Evaluation: a reflection in the moment #pcthe

It is the season of evaluations in universities and other institutions of the post-compulsory and lifelong learning sector.Our evaluation strategy has necessarily been informed in the literature of evaluation (Hounsell 2009) and Brookfield’s (1995) “spectacles”:

  • (auto) biography
  • learners
  • colleagues
  • the literature, theory

Dyke (2006) observes we need to do more of this. Evaluation informed by interdisciplinary social science in the critical theoretical tradition. Evaluation has to address:

  • Directions
  • Schedules
  • Impacts

Directions

  • Opportunistic

By all means have a plan, but every moment is an opportunity for reflection. Reflect in practice on the things that can be managed or which are placed in our way to be dealt with: teaching space, time, curriculum.
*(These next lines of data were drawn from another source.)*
(* Let $n \ge d \ge 1$, let $A$ be a real $n\times n$ matrix and $C$ a real $d\times n$ matrix such that $A$ is stable (all eigenvalues of modulus $<1$) and the output pair $(A,C)$ is observable. Then $(A,C)$ is similar to a real OTSON pair, to a real HOON pair, and to a real output normal pair $(\tilde A,\tilde C)$ in which $\tilde A$ is in ordered real Schur form with all $2\times 2$ diagonal blocks in qd block form.
   Context: Two output pairs $(A,C)$ and $(\tilde A,\tilde C)$ are similar if there is an invertible real $n\times n$ matrix $T$ with $\tilde A=T^{-1}AT$ and $\tilde C=CT$. The pair $(A,C)$ is output normal (ON) if $A^{*}A=\mathbb{I}_n-C^{*}C$ (here ${}^*$ denotes transpose). Let $Q=\begin{pmatrix} C\\ A\end{pmatrix}$ be the $(n+d)\times n$ stack. The pair is in observer triangular system (OTS) form if $Q_{i,j}=0$ for $j>i$; it is OTSON if it is in OTS form and output normal. The pair is in Hessenberg observer (HO) form if $A$ is upper Hessenberg ($A_{i,j}=0$ for $i>j+1$) and $C_{1,j}=0$ for $j>1$; it is HOON if it is in HO form and output normal. A real matrix $A$ is in real Schur form if it is block upper triangular with diagonal blocks $Z_1,\dots,Z_M$ (in this order along the diagonal), where $Z_1,\dots,Z_\ell$ are $2\times 2$ real blocks each having a pair of non-real complex conjugate eigenvalues and $Z_{\ell+1},\dots,Z_M$ are $1\times 1$ real blocks ($M=n-\ell$). Writing $\lambda^{(k)}$ for an eigenvalue of $Z_k$, $A$ is in ordered real Schur form if (1) $|\lambda^{(i)}|\le|\lambda^{(j)}|$ whenever $i<j\le \ell$ or $\ell<i<j\le M$, and (2) if in such a case $|\lambda^{(i)}|=|\lambda^{(j)}|$ then $\operatorname{Re}\lambda^{(j)}\le \operatorname{Re}\lambda^{(i)}$. A $2\times 2$ block $Z$ is in qd block form if $Z=\begin{pmatrix} c& s\\ -s & c\end{pmatrix}\begin{pmatrix} d_1&0\\0&d_2\end{pmatrix}$ with $c^2+s^2=1$, $s\ge 0$ and $d_1\ge d_2\ge 0$. *)

theory Defs
  imports Complex_Main "Jordan_Normal_Form.Char_Poly"
begin

(* Matrices are Jordan_Normal_Form matrices, 0-based indices.
   A is n x n, C is d x n. *)

definition stable_mat :: "real mat \<Rightarrow> bool" where
  "stable_mat A \<longleftrightarrow> (\<forall>\<mu>. eigenvalue (map_mat complex_of_real A) \<mu> \<longrightarrow> cmod \<mu> < 1)"

definition observable :: "nat \<Rightarrow> real mat \<Rightarrow> real mat \<Rightarrow> bool" where
  "observable n A C \<longleftrightarrow>
     (\<forall>v \<in> carrier_vec n. (\<forall>k<n. (C * A ^\<^sub>m k) *\<^sub>v v = 0\<^sub>v (dim_row C)) \<longrightarrow> v = 0\<^sub>v n)"

definition similar_pair :: "nat \<Rightarrow> real mat \<Rightarrow> real mat \<Rightarrow> real mat \<Rightarrow> real mat \<Rightarrow> bool" where
  "similar_pair n A C A' C' \<longleftrightarrow>
     (\<exists>T Ti. T \<in> carrier_mat n n \<and> Ti \<in> carrier_mat n n \<and> T * Ti = 1\<^sub>m n \<and> Ti * T = 1\<^sub>m n \<and>
             A' = Ti * A * T \<and> C' = C * T)"

definition output_normal :: "nat \<Rightarrow> real mat \<Rightarrow> real mat \<Rightarrow> bool" where
  "output_normal n A C \<longleftrightarrow> transpose_mat A * A = 1\<^sub>m n - transpose_mat C * C"

(* entries of the stacked matrix Q = [C; A], size (n+d) x n *)
definition stackQ :: "nat \<Rightarrow> real mat \<Rightarrow> real mat \<Rightarrow> nat \<Rightarrow> nat \<Rightarrow> real" where
  "stackQ d A C i j = (if i < d then C $$ (i, j) else A $$ (i - d, j))"

definition OTS_form :: "nat \<Rightarrow> nat \<Rightarrow> real mat \<Rightarrow> real mat \<Rightarrow> bool" where
  "OTS_form n d A C \<longleftrightarrow> (\<forall>i j. i < n + d \<longrightarrow> j < n \<longrightarrow> i < j \<longrightarrow> stackQ d A C i j = 0)"

definition OTSON :: "nat \<Rightarrow> nat \<Rightarrow> real mat \<Rightarrow> real mat \<Rightarrow> bool" where
  "OTSON n d A C \<longleftrightarrow> OTS_form n d A C \<and> output_normal n A C"

definition HO_form :: "nat \<Rightarrow> real mat \<Rightarrow> real mat \<Rightarrow> bool" where
  "HO_form n A C \<longleftrightarrow>
     (\<forall>i j. i < n \<longrightarrow> j < n \<longrightarrow> j + 1 < i \<longrightarrow> A $$ (i, j) = 0) \<and>
     (\<forall>j. 0 < j \<longrightarrow> j < n \<longrightarrow> C $$ (0, j) = 0)"

definition HOON :: "nat \<Rightarrow> real mat \<Rightarrow> real mat \<Rightarrow> bool" where
  "HOON n A C \<longleftrightarrow> HO_form n A C \<and> output_normal n A C"

(* Block structure with l leading 2x2 blocks (rows 2k,2k+1 for k<l) followed by
   1x1 blocks (row k+l for block k, l \<le> k < n-l). blk l i = index of block containing row i. *)
definition blk :: "nat \<Rightarrow> nat \<Rightarrow> nat" where
  "blk l i = (if i < 2 * l then i div 2 else i - l)"

(* the k-th diagonal block Z_(k+1) *)
definition diag_block :: "real mat \<Rightarrow> nat \<Rightarrow> nat \<Rightarrow> real mat" where
  "diag_block A l k =
     (if k < l then mat 2 2 (\<lambda>(i, j). A $$ (2 * k + i, 2 * k + j))
      else mat 1 1 (\<lambda>_. A $$ (k + l, k + l)))"

definition block_eigenvalue :: "real mat \<Rightarrow> nat \<Rightarrow> nat \<Rightarrow> complex \<Rightarrow> bool" where
  "block_eigenvalue A l k \<mu> \<longleftrightarrow> eigenvalue (map_mat complex_of_real (diag_block A l k)) \<mu>"

definition real_schur_blocks :: "nat \<Rightarrow> nat \<Rightarrow> real mat \<Rightarrow> bool" where
  "real_schur_blocks n l A \<longleftrightarrow> A \<in> carrier_mat n n \<and> 2 * l \<le> n \<and>
     (\<forall>i j. i < n \<longrightarrow> j < n \<longrightarrow> blk l j < blk l i \<longrightarrow> A $$ (i, j) = 0) \<and>
     (\<forall>k<l. \<forall>\<mu>. block_eigenvalue A l k \<mu> \<longrightarrow> Im \<mu> \<noteq> 0)"

(* ordering conditions (1),(2); blocks are indexed 0..M-1 with M = n - l *)
definition ordered_blocks :: "nat \<Rightarrow> nat \<Rightarrow> real mat \<Rightarrow> bool" where
  "ordered_blocks n l A \<longleftrightarrow>
     (\<forall>i j. ((i < j \<and> j < l) \<or> (l \<le> i \<and> i < j \<and> j < n - l)) \<longrightarrow>
        (\<forall>\<mu>i \<mu>j. block_eigenvalue A l i \<mu>i \<longrightarrow> block_eigenvalue A l j \<mu>j \<longrightarrow>
           cmod \<mu>i \<le> cmod \<mu>j \<and> (cmod \<mu>i = cmod \<mu>j \<longrightarrow> Re \<mu>j \<le> Re \<mu>i)))"

definition ordered_real_schur :: "nat \<Rightarrow> nat \<Rightarrow> real mat \<Rightarrow> bool" where
  "ordered_real_schur n l A \<longleftrightarrow> real_schur_blocks n l A \<and> ordered_blocks n l A"

definition qd_block :: "real mat \<Rightarrow> bool" where
  "qd_block Z \<longleftrightarrow> (\<exists>c s d1 d2. c\<^sup>2 + s\<^sup>2 = 1 \<and> s \<ge> 0 \<and> d1 \<ge> d2 \<and> d2 \<ge> 0 \<and>
      Z = mat_of_rows_list 2 [[c, s], [-s, c]] * mat_of_rows_list 2 [[d1, 0], [0, d2]])"

end

theory Submission
  imports Defs "Jordan_Normal_Form.Spectral_Radius"
begin

text \<open>Since \<open>A\<close> is stable, the observability Gramian \<open>G = \<Sum>\<^sub>k (C A\<^sup>k)\<^sup>T (C A\<^sup>k)\<close>
  converges and satisfies the Stein equation \<open>A\<^sup>T G A + C\<^sup>T C = G\<close>; observability makes it
  positive definite. If the columns of \<open>T\<close> are orthonormal for the inner product
  \<open>\<langle>x, y\<rangle> = x\<^sup>T G y\<close>, then \<open>T\<^sup>-\<^sup>1 = T\<^sup>T G\<close> and the Stein equation turns into output normality
  of \<open>(T\<^sup>-\<^sup>1 A T, C T)\<close>. The OTS and HO shapes are zero patterns of the entries
  \<open>\<langle>t\<^sub>i, A t\<^sub>j\<rangle>\<close> and \<open>(C t\<^sub>j)\<^sub>i\<close>, and are obtained by building the orthonormal basis
  \<open>t\<^sub>1, \<dots>, t\<^sub>n\<close> one vector at a time, each orthogonal to one further prescribed vector.
  For the Schur form, \<open>T Q\<close> is again such a basis for every orthogonal \<open>Q\<close>, so it suffices
  to bring \<open>T\<^sup>-\<^sup>1 A T\<close> into ordered real Schur form by an orthogonal similarity; this is the
  usual deflation argument, choosing at each step an eigenvalue of least modulus and rotating
  every \<open>2\<times>2\<close> block into its polar form \<open>rotation \<times> diagonal\<close>.\<close>

lemma suminf_double_sum_swap:
  fixes f :: "nat \<Rightarrow> nat \<Rightarrow> nat \<Rightarrow> real"
  assumes "\<And>i j. i < n \<Longrightarrow> j < m \<Longrightarrow> summable (\<lambda>k. f k i j)"
  shows "(\<Sum>i<n. \<Sum>j<m. a i j * (\<Sum>k. f k i j)) = (\<Sum>k. \<Sum>i<n. \<Sum>j<m. a i j * f k i j)"
    and "summable (\<lambda>k. \<Sum>i<n. \<Sum>j<m. a i j * f k i j)"
proof -
  have s: "\<And>i j. i < n \<Longrightarrow> j < m \<Longrightarrow> summable (\<lambda>k. a i j * f k i j)"
    using assms summable_mult by blast
  have "(\<Sum>i<n. \<Sum>j<m. a i j * (\<Sum>k. f k i j)) = (\<Sum>i<n. \<Sum>j<m. (\<Sum>k. a i j * f k i j))"
    by (intro sum.cong refl, rule suminf_mult[symmetric], rule assms, simp_all)
  also have "\<dots> = (\<Sum>i<n. (\<Sum>k. \<Sum>j<m. a i j * f k i j))"
    by (intro sum.cong refl, subst suminf_sum, auto simp: assms)
  also have "\<dots> = (\<Sum>k. \<Sum>i<n. \<Sum>j<m. a i j * f k i j)"
    by (subst suminf_sum, auto intro!: summable_sum s)
  finally show "(\<Sum>i<n. \<Sum>j<m. a i j * (\<Sum>k. f k i j)) = (\<Sum>k. \<Sum>i<n. \<Sum>j<m. a i j * f k i j)" .
  show "summable (\<lambda>k. \<Sum>i<n. \<Sum>j<m. a i j * f k i j)"
    by (auto intro!: summable_sum s)
qed

lemma index_mult_mat_triple:
  fixes L M R :: "'a :: comm_ring_1 mat"
  assumes "L \<in> carrier_mat p n" "M \<in> carrier_mat n n" "R \<in> carrier_mat n q" "i < p" "j < q"
  shows "(L * M * R) $$ (i,j) = (\<Sum>a<n. \<Sum>b<n. (L $$ (i,a) * R $$ (b,j)) * M $$ (a,b))"
  using assms
  by (simp add: scalar_prod_def sum_distrib_left sum_distrib_right atLeast0LessThan,
      intro sum.cong refl, simp add: ac_simps)

lemma scalar_prod_mult_mat_vec_double_sum:
  fixes M :: "'a :: comm_ring_1 mat"
  assumes "M \<in> carrier_mat n n" "x \<in> carrier_vec n" "y \<in> carrier_vec n"
  shows "x \<bullet> (M *\<^sub>v y) = (\<Sum>a<n. \<Sum>b<n. (x $ a * y $ b) * M $$ (a,b))"
  using assms
  by (simp add: scalar_prod_def sum_distrib_left atLeast0LessThan ac_simps)

lemma index_congruence_mat:
  fixes T M :: "real mat"
  assumes T: "T \<in> carrier_mat n n" and M: "M \<in> carrier_mat n n" and ij: "i < n" "j < n"
  shows "(transpose_mat T * M * T) $$ (i,j) = col T i \<bullet> (M *\<^sub>v col T j)"
  by (subst index_mult_mat_triple[of _ n n M _ n], insert assms, auto simp: scalar_prod_mult_mat_vec_double_sum[OF M] ac_simps)

lemma smult_mat_pow:
  fixes X :: "'a :: comm_ring_1 mat"
  assumes "X \<in> carrier_mat n n"
  shows "(c \<cdot>\<^sub>m X) ^\<^sub>m k = (c ^ k) \<cdot>\<^sub>m (X ^\<^sub>m k)"
proof (induct k)
  case 0 then show ?case using assms by (auto intro!: eq_matI)
next
  case (Suc k)
  have "(c \<cdot>\<^sub>m X) ^\<^sub>m Suc k = ((c ^ k) \<cdot>\<^sub>m (X ^\<^sub>m k)) * (c \<cdot>\<^sub>m X)" using Suc by simp
  also have "\<dots> = (c ^ Suc k) \<cdot>\<^sub>m (X ^\<^sub>m Suc k)"
    using assms by (auto simp: mult_smult_assoc_mat mult_smult_distrib ac_simps)
  finally show ?case .
qed

lemma scalar_prod_self_pos:
  fixes v :: "real vec"
  assumes "v \<in> carrier_vec n" "v \<noteq> 0\<^sub>v n"
  shows "v \<bullet> v > 0"
proof -
  from assms obtain i where i: "i < n" "v $ i \<noteq> 0" by (auto simp: vec_eq_iff)
  have "v \<bullet> v = (\<Sum>j\<in>{0..<n}. (v $ j)^2)" using assms by (simp add: scalar_prod_def power2_eq_square)
  also have "\<dots> > 0"
    by (rule sum_pos2[of _ i], insert i, auto)
  finally show ?thesis .
qed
It is best to do so mindfully.

Every programme event or intervention is an opportunity for evaluation.

  • Purposive

Evaluation is, itself, directed towards aims, These may or may not be aligned with the aims of whatever the subject of the evaluation is. Evaluators have perspectives. They should reflect on these and be committed to openness and transparency about them. Openness, itself needs to be bounded, but the boundaries want to be quite permeable (1000 mile question). Boundaries may be necessary for creative turbulence layers. Bringing together diverse peoples to learn from one-another. How does the enterprise address equality and diversity issues? Progress, development and hierarchy may be necessary to create movement. Communities may embrace, among others: discipline, profession, locale, domestic, global. Professional practitioners in graduate occupations and/or disciplines must be current with tools and practices, methods and methodologies, grounded in knowledge, history, language, epistemology.

  • Objective oriented

Structure is provided by course intended learning outcomes or objectives. The lectures, workshops, activities and assessment strive for alignment as well as dynamic instability and points of harmony.

Schedules

  • semi-systematic and structured

Alongside an opportunistic outlook, having tools to hand helps. Start with course aims and outcomes. Use a questionnaire several times over; even if not perfect, comparisons are where the discoveries are made.

  • continuous

Ongoing, no end: hasta la lucha continua. But, there may be many review points, annual planning cycles: major and minor, etc

  • epicyclic

Course cycles, professional cycles, conference cycles, university bureaucratic cycles all run to different periods. Activity is mixed and multi-modal. Evaluation needs to be multi-purposed and reusable.

Impacts

  • emergent

Because of all the above, impacts are going to be emergent as well as planned. An evaluator would expect to see new structures emerge and to see mechanisms in place to encourage this: enquiry-based learning, action learning, learner-led curricula, user-centred design.

  • progressive

Shares in the myth of modernism and the enlightenment, that there is progress and that this is modelled and trained through a ranked education system with levels of attainment, informed by human development psychology. Facilitates learner progression as defined in the plan.

  • developmental

Do differently and better, not necessarily more (Daly 2008). Fail. Fail again, better (Beckett cited in Žižek 2009).

References
Brookfield, Stephen D. 1995. Becoming a Critically Reflective Teacher. San Francisco: Jossey-Bass Publlishers.
Dyke, Martin. 2006. “The role of the ‘Other’ in reflection, knowledge formation and action in a late modernity.” International Journal of Lifelong Education 25 (2): 105-123.
Hounsell, Dai. 2009. Evaluating courses and teaching. In A Handbook for Teaching and Learning in Higher Education: Enhancing Academic Practice, ed. Heather Fry, Steve Kettridge, and Stephanie Marshall, 198-211. 3rd ed. Routledge.
Daly, Herman. 2008. Towards a steady-state economy. In The oil drum, April 24. http://www.theoildrum.com/node/3941.
Žižek, Slavoj. 2009. In defense of lost causes. 2nd ed. London and New York: Verso.